Most conservatives would likely be fairly accepting of illegal ballot access laws and laws that burden same-sex marriage rights. Some or most Republicans are probably neutral to, or generally accepting of, laws that impede independents and third party candidates. Conservative third parties are likely to strongly oppose illegal ballot access laws. If that is basically correct, it is fair to conclude that conservative respect for the rule of law is somewhat subjective and tends to be higher for laws that fit within conservative ideology.


The Objective Point of View

As described before, objective politics can be built on three fundamental political principles or morals: The application of (1) unspun facts and (2) unbiased logic that are applied (3) in service to an objectively defined public interest.

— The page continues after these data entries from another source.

theorem lemma3p1:
  fixes K P :: "riemann_sphere set" and \<Omega> :: "riemann_sphere set" and p :: riemann_sphere
  assumes "compactin p1_top K"
    and "\<Omega> = UNIV - K"
    and "connectedin p1_top \<Omega>"
    and "\<exists>f. p1_holomorphic_on f \<Omega> \<and> inj_on f \<Omega> \<and> bounded (f ` \<Omega>)"
    and "finite P" and "P \<subseteq> \<Omega>"
    and "p \<in> P"
  shows "limitin euclideanreal (squeezing_function (\<Omega> - P)) 0 (atin_within p1_top p (\<Omega> - P))"
proof -
  have "p1_open (\<Omega> - (P - {p}))" "p \<in> \<Omega> - (P - {p})"
    using assms(1,2,5,6,7) by (auto intro: p1_open_Diff_compact_finite)
  then obtain R where "R > 0" and R: "chart p ` ball 0 R \<subseteq> \<Omega> - (P - {p})"
    by (rule p1_open_contains_chart_image)
  have "chart p u \<noteq> p" if "u \<noteq> 0" for u
    using that inj_chart by (metis chart_0 injD)
  then have "chart p ` (ball 0 R - {0}) \<subseteq> \<Omega> - P" using R by auto
  moreover obtain f where "p1_holomorphic_on f \<Omega>" "inj_on f \<Omega>" "bounded (f ` \<Omega>)"
    using assms(4) by blast
  then have "squeezing_maps (\<Omega> - P) x \<noteq> {}" if "x \<in> \<Omega> - P" for x
    using that by (intro squeezing_maps_nonempty)
      (auto intro: p1_holomorphic_on_subset inj_on_subset bounded_subset[OF _ image_mono])
  moreover have "p1_open (\<Omega> - P)"
    using assms(1,2,5) by (simp add: p1_open_Diff_compact_finite)
  ultimately have "(squeezing_function (\<Omega> - P) \<longlongrightarrow> 0) (atin_within p1_top p (\<Omega> - P))"
    using \<open>R > 0\<close> assms(7) by (intro squeezing_function_tendsto_0_at_puncture) auto
  then show ?thesis by simp
qed
lemma transpose2_eq_iff: "transpose (A::'a^2^2) = A \<longleftrightarrow> A$1$2 = A$2$1"
  by (auto simp: transpose_def vec_eq_iff forall_2)

definition J2 :: "'a::comm_ring_1^2^2" where
  "J2 = vector [vector [0, -1], vector [1, 0]]"

lemma J2_entries [simp]: "J2$1$1 = 0" "J2$1$2 = -1" "J2$2$1 = 1" "J2$2$2 = 0"
  by (simp_all add: J2_def)

lemma symmetric2_if_mult_J2_eq:
  fixes X :: "'a::idom^2^2"
  assumes "X ** (J2 ** X) = mat (det X) ** J2"
  shows "transpose X = X"
proof -
  have "(X ** (J2 ** X)) $ i $ j = (mat (det X) ** J2) $ i $ j" for i j
    using assms by simp
  from this[of 1 2] this[of 2 1] have "(X$1$2 - X$2$1)^2 = 0"
    unfolding matrix2_mult_entry J2_entries mat2_entries det_2 by algebra
  then show ?thesis by (simp add: transpose2_eq_iff)
qed

lemma bounded_linear_mat: "bounded_linear (mat :: complex \<Rightarrow> complex^'n^'n)"
  unfolding linear_conv_bounded_linear[symmetric]
  by (rule linearI) (simp_all add: mat_def vec_eq_iff)

definition liouville_factor :: "(real \<Rightarrow> complex^'n^'n) \<Rightarrow> real \<Rightarrow> complex" where
  "liouville_factor F t = exp (integral {0..t} (\<lambda>s. trace (F s)))"

lemma liouville_factor_0 [simp]: "liouville_factor F 0 = 1"
  by (simp add: liouville_factor_def)

lemma liouville_factor_nonzero: "liouville_factor F t \<noteq> 0"
  by (simp add: liouville_factor_def)

lemma continuous_on_trace:
  fixes F :: "real \<Rightarrow> complex^'n^'n"
  shows "continuous_on S F \<Longrightarrow> continuous_on S (\<lambda>s. trace (F s))"
  unfolding trace_def by (intro continuous_intros)

lemma integral_trace_has_vector_derivative:
  fixes F :: "real \<Rightarrow> complex^'n^'n"
  assumes "continuous_on {0..1} F" and "t \<in> {0..1}"
  shows "((\<lambda>t. integral {0..t} (\<lambda>s. trace (F s))) has_vector_derivative trace (F t))
           (at t within {0..1})"
  by (rule integral_has_vector_derivative[OF continuous_on_trace[OF assms(1)] assms(2)])

lemma liouville_factor_has_vector_derivative:
  assumes "continuous_on {0..1} F" and "t \<in> {0..1}"
  shows "(liouville_factor F has_vector_derivative trace (F t) * liouville_factor F t)
           (at t within {0..1})"
  using field_vector_diff_chain_within[OF integral_trace_has_vector_derivative[OF assms]
      DERIV_exp[THEN has_field_derivative_at_within]]
  by (simp add: liouville_factor_def[abs_def] o_def)

lemma solves_linear_ode_entry:
  assumes "solves_linear_ode F X" and "t \<in> {0..1}"
  shows "((\<lambda>t. X t $ i $ j) has_vector_derivative (F t ** X t) $ i $ j) (at t within {0..1})"
  using bounded_linear_compose[OF bounded_linear_vec_nth bounded_linear_vec_nth,
      THEN bounded_linear.has_vector_derivative] assms
  unfolding solves_linear_ode_def by blast

lemma solves_linear_ode_det2:
  fixes F X :: "real \<Rightarrow> complex^2^2"
  assumes X: "solves_linear_ode F X" and t: "t \<in> {0..1}"
  shows "((\<lambda>t. det (X t)) has_vector_derivative trace (F t) * det (X t)) (at t within {0..1})"
proof -
  have "((\<lambda>t. X t$1$1 * X t$2$2 - X t$1$2 * X t$2$1) has_vector_derivative
      X t$1$1 * (F t ** X t)$2$2 + (F t ** X t)$1$1 * X t$2$2
      - (X t$1$2 * (F t ** X t)$2$1 + (F t ** X t)$1$2 * X t$2$1)) (at t within {0..1})"
    by (intro has_vector_derivative_diff has_vector_derivative_mult solves_linear_ode_entry[OF X t])
  then show ?thesis
    by (simp add: det_2 trace2 matrix2_mult_entry algebra_simps)
qed

lemma det_solves_linear_ode2:
  fixes F X :: "real \<Rightarrow> complex^2^2"
  assumes F: "continuous_on {0..1} F" and X: "solves_linear_ode F X" and t: "t \<in> {0..1}"
  shows "det (X t) = liouville_factor F t * det (X 0)"
proof -
  define I where "I t = integral {0..t} (\<lambda>s. trace (F s))" for t
  define h where "h t = det (X t) * exp (- I t)" for t
  have "(h has_vector_derivative 0) (at s within {0..1})" if s: "s \<in> {0..1}" for s
  proof -
    have "((\<lambda>t. exp (- I t)) has_vector_derivative - trace (F s) * exp (- I s))
        (at s within {0..1})"
      using field_vector_diff_chain_within[OF
          has_vector_derivative_minus[OF integral_trace_has_vector_derivative[OF F s]]
          DERIV_exp[THEN has_field_derivative_at_within]]
      by (simp add: I_def o_def)
    from has_vector_derivative_mult[OF solves_linear_ode_det2[OF X s] this]
    show ?thesis unfolding h_def[abs_def] by (simp add: algebra_simps)
  qed
  then obtain c where "\<And>s. s \<in> {0..1} \<Longrightarrow> h s = c"
    by (rule has_vector_derivative_zero_constant[OF convex_real_interval(5)]) blast+
  from this[OF t] this[of 0] have "h t = h 0" by simp
  then show ?thesis
    by (simp add: h_def I_def liouville_factor_def exp_minus field_simps)
qed

lemma solves_linear_ode_reflect:
  fixes F X :: "real \<Rightarrow> complex^2^2"
  assumes F: "continuous_on {0..1} F"
    and sym: "\<And>t. t \<in> {0..1} \<Longrightarrow> transpose (F t) = F t"
    and rev: "\<And>t. t \<in> {0..1} \<Longrightarrow> F (1 - t) = F t"
    and X: "solves_linear_ode F X"
  shows "solves_linear_ode F (\<lambda>t. mat (liouville_factor F t) ** (J2 ** X (1 - t)))"
  unfolding solves_linear_ode_def
proof
  fix t :: real assume t: "t \<in> {0..1}"
  have t': "1 - t \<in> {0..1}" and image: "(\<lambda>t. 1 - t) ` {0..1} = {0..1::real}"
    using t by (auto simp: image_iff intro!: bexI[where x="1 - _"])
  have "((\<lambda>t. 1 - t) has_vector_derivative -1) (at t within {0..1})"
    by (auto intro!: derivative_eq_intros)
  moreover have "(X has_vector_derivative F (1 - t) ** X (1 - t)) (at (1 - t) within {0..1})"
    using X t' unfolding solves_linear_ode_def by blast
  ultimately have "((\<lambda>t. X (1 - t)) has_vector_derivative - (F t ** X (1 - t)))
      (at t within {0..1})"
    using vector_diff_chain_within[of "\<lambda>t. 1 - t"] image rev[OF t] by (fastforce simp: o_def)
  from matrix_mult.has_vector_derivative[OF
      bounded_linear_mat[THEN bounded_linear.has_vector_derivative,
        OF liouville_factor_has_vector_derivative[OF F t]]
      matrix_mult.bounded_linear_right[THEN bounded_linear.has_vector_derivative, OF this]]
  have "((\<lambda>t. mat (liouville_factor F t) ** (J2 ** X (1 - t))) has_vector_derivative
      mat (liouville_factor F t) ** (J2 ** - (F t ** X (1 - t)))
        + mat (trace (F t) * liouville_factor F t) ** (J2 ** X (1 - t))) (at t within {0..1})" .
  moreover
  \<comment> \<open>for symmetric 2x2 matrices, \<open>F ** J2 = J2 ** (mat (trace F) - F)\<close>\<close>
  have "mat (liouville_factor F t) ** (J2 ** - (F t ** X (1 - t)))
        + mat (trace (F t) * liouville_factor F t) ** (J2 ** X (1 - t))
      = F t ** (mat (liouville_factor F t) ** (J2 ** X (1 - t)))"
    using sym[OF t] unfolding transpose2_eq_iff
    by (intro matrix2_eqI) (simp_all add: matrix2_mult_entry trace2 algebra_simps)
  ultimately show "((\<lambda>t. mat (liouville_factor F t) ** (J2 ** X (1 - t))) has_vector_derivative
      F t ** (mat (liouville_factor F t) ** (J2 ** X (1 - t)))) (at t within {0..1})"
    by simp
qed

lemma reversible_symmetric_linear_ode_monodromy_symmetric:
  fixes F X :: "real \<Rightarrow> complex^2^2"
  assumes F: "continuous_on {0..1} F"
    and sym: "\<And>t. t \<in> {0..1} \<Longrightarrow> transpose (F t) = F t"
    and rev: "\<And>t. t \<in> {0..1} \<Longrightarrow> F (1 - t) = F t"
    and X: "solves_linear_ode F X" and X0: "X 0 = mat 1"
  shows "transpose (X 1) = X 1"
proof (rule symmetric2_if_mult_J2_eq)
  define Y where "Y t = mat (liouville_factor F t) ** (J2 ** X (1 - t))" for t
  have Y: "solves_linear_ode F Y"
    unfolding Y_def by (rule solves_linear_ode_reflect[OF F sym rev X])
  have "Y 1 = X 1 ** (J2 ** X 1)"
    by (rule linear_ode_unique[OF F Y solves_linear_ode_mult_right[OF X]]) (simp_all add: Y_def X0)
  moreover have "det (X 1) = liouville_factor F 1"
    using det_solves_linear_ode2[OF F X, of 1] by (simp add: X0)
  ultimately show "X 1 ** (J2 ** X 1) = mat (det (X 1)) ** J2"
    by (simp add: Y_def X0)
qed

section \<open>The monodromy matrix\<close>

definition circle_coeff :: "complex \<Rightarrow> complex \<Rightarrow> complex \<Rightarrow> real \<Rightarrow> complex^2^2" where
  "circle_coeff B A r t = mat (2 * pi * \<i> * unit_circle t) ** lin_matrix B A r (unit_circle t)"

lemma is_fund_sol_iff:
  "is_fund_sol B A r X \<longleftrightarrow> X 0 = mat 1 \<and> solves_linear_ode (circle_coeff B A r) X"
  by (simp add: is_fund_sol_def solves_linear_ode_def circle_coeff_def)

lemma unit_circle_nonzero [simp]: "unit_circle t \<noteq> 0"
  by (simp add: unit_circle_def)

lemma unit_circle_reflect: "unit_circle (1 - t) = inverse (unit_circle t)"
proof -
  have "unit_circle (1 - t) = exp (2 * pi * \<i>) / unit_circle t"
    unfolding unit_circle_def by (simp add: right_diff_distrib exp_diff)
  then show ?thesis by (simp add: field_simps)
qed

lemma circle_coeff_entries:
  fixes B A r :: complex and t :: real
  defines "z \<equiv> unit_circle t"
  shows "circle_coeff B A r t $ 1 $ 1 = 2 * pi * \<i> * (l_par B r + mu_par A r * (z + inverse z))"
    and "circle_coeff B A r t $ 1 $ 2 = 2 * pi * r"
    and "circle_coeff B A r t $ 2 $ 1 = 2 * pi * r"
    and "circle_coeff B A r t $ 2 $ 2 = 0"
  unfolding circle_coeff_def lin_matrix_def Let_def omega_par_def z_def matrix2_mult_entry
  by (simp_all add: field_simps power2_eq_square)

lemma circle_coeff_symmetric: "transpose (circle_coeff B A r t) = circle_coeff B A r t"
  by (simp add: transpose2_eq_iff circle_coeff_entries)

lemma circle_coeff_reflect: "circle_coeff B A r (1 - t) = circle_coeff B A r t"
  by (rule matrix2_eqI) (simp_all add: circle_coeff_entries unit_circle_reflect add.commute)

lemma continuous_on_circle_coeff: "continuous_on S (circle_coeff B A r)"
proof -
  have "continuous_on S unit_circle"
    unfolding unit_circle_def by (intro continuous_intros)
  then have "\<forall>i j. continuous_on S (\<lambda>t. circle_coeff B A r t $ i $ j)"
    unfolding forall_2 circle_coeff_entries by (auto intro!: continuous_intros)
  then have "continuous_on S (\<lambda>t. \<chi> i j. circle_coeff B A r t $ i $ j)"
    by (intro continuous_on_vec_lambda) blast
  then show ?thesis by simp
qed

lemma fund_sol_exists: "\<exists>X. is_fund_sol B A r X"
  using linear_ode_fundamental_solution_exists[OF continuous_on_circle_coeff]
  by (simp add: is_fund_sol_iff)

lemma monodromy_matrix_eq:
  assumes "is_fund_sol B A r X"
  shows "monodromy_matrix B A r = X 1"
  unfolding monodromy_matrix_def
proof (rule the_equality)
  fix M assume "\<exists>Y. is_fund_sol B A r Y \<and> Y 1 = M"
  then show "M = X 1"
    using assms linear_ode_unique[OF continuous_on_circle_coeff, of B A r _ X 1]
    by (auto simp: is_fund_sol_iff)
qed (use assms in blast)

lemma monodromy_matrix_symmetric:
  "transpose (monodromy_matrix B A r) = monodromy_matrix B A r"
proof -
  obtain X where X: "is_fund_sol B A r X" using fund_sol_exists by blast
  then show ?thesis
    unfolding monodromy_matrix_eq[OF X] is_fund_sol_iff
    using reversible_symmetric_linear_ode_monodromy_symmetric[OF continuous_on_circle_coeff
        circle_coeff_symmetric circle_coeff_reflect] by blast
qed

lemma det_monodromy_matrix_nonzero: "det (monodromy_matrix B A r) \<noteq> 0"
proof -
  obtain X where X: "is_fund_sol B A r X" using fund_sol_exists by blast
  then show ?thesis
    unfolding monodromy_matrix_eq[OF X] is_fund_sol_iff
    using det_solves_linear_ode2[OF continuous_on_circle_coeff, of B A r X 1]
    by (auto simp: liouville_factor_nonzero)
qed

section \<open>Fixed points of symmetric Moebius transformations\<close>

lemma moebius_app_None_fixed_iff: "moebius_app N None = None \<longleftrightarrow> N$2$1 = 0"
  by (simp add: moebius_app_def Let_def)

As Dissident Politics has described it, one of the key parameters in serving the public interest is acting with “genuine respect for the U.S. constitution and the rule of law with a particular concern for limiting unwarranted legal complexity and ambiguity to limit opportunities to subvert the constitution and the law.”

If one accepts that as an important aspect of what politics should stand for, then it is fair to argue that the TPS, liberal, and conservative points of view tend to be unacceptably subjective regarding the rule of law. That makes sense because those points of view are primarily subjective and what constitutes respect for the rule of law is also subjective.

The TPS, left, and right each define concepts differently, primarily to conform to their subjective ideologies or morals.

From an objective point of view, there should be less subjectivity in what constitutes respect for the rule of law. Absolutism isn’t necessarily always called for, but for important issues such as illegal campaign laws or exercising marriage rights, lawsuits should not be needed to defend the Constitution.

If one defines political corruption to include undue influence of personal or ideological belief over the rule of law at the expense of the public interest, then it is logical to conclude that all three subjective points of view toward the rule of law are unduly corrupt and disrespectful toward the rule of law.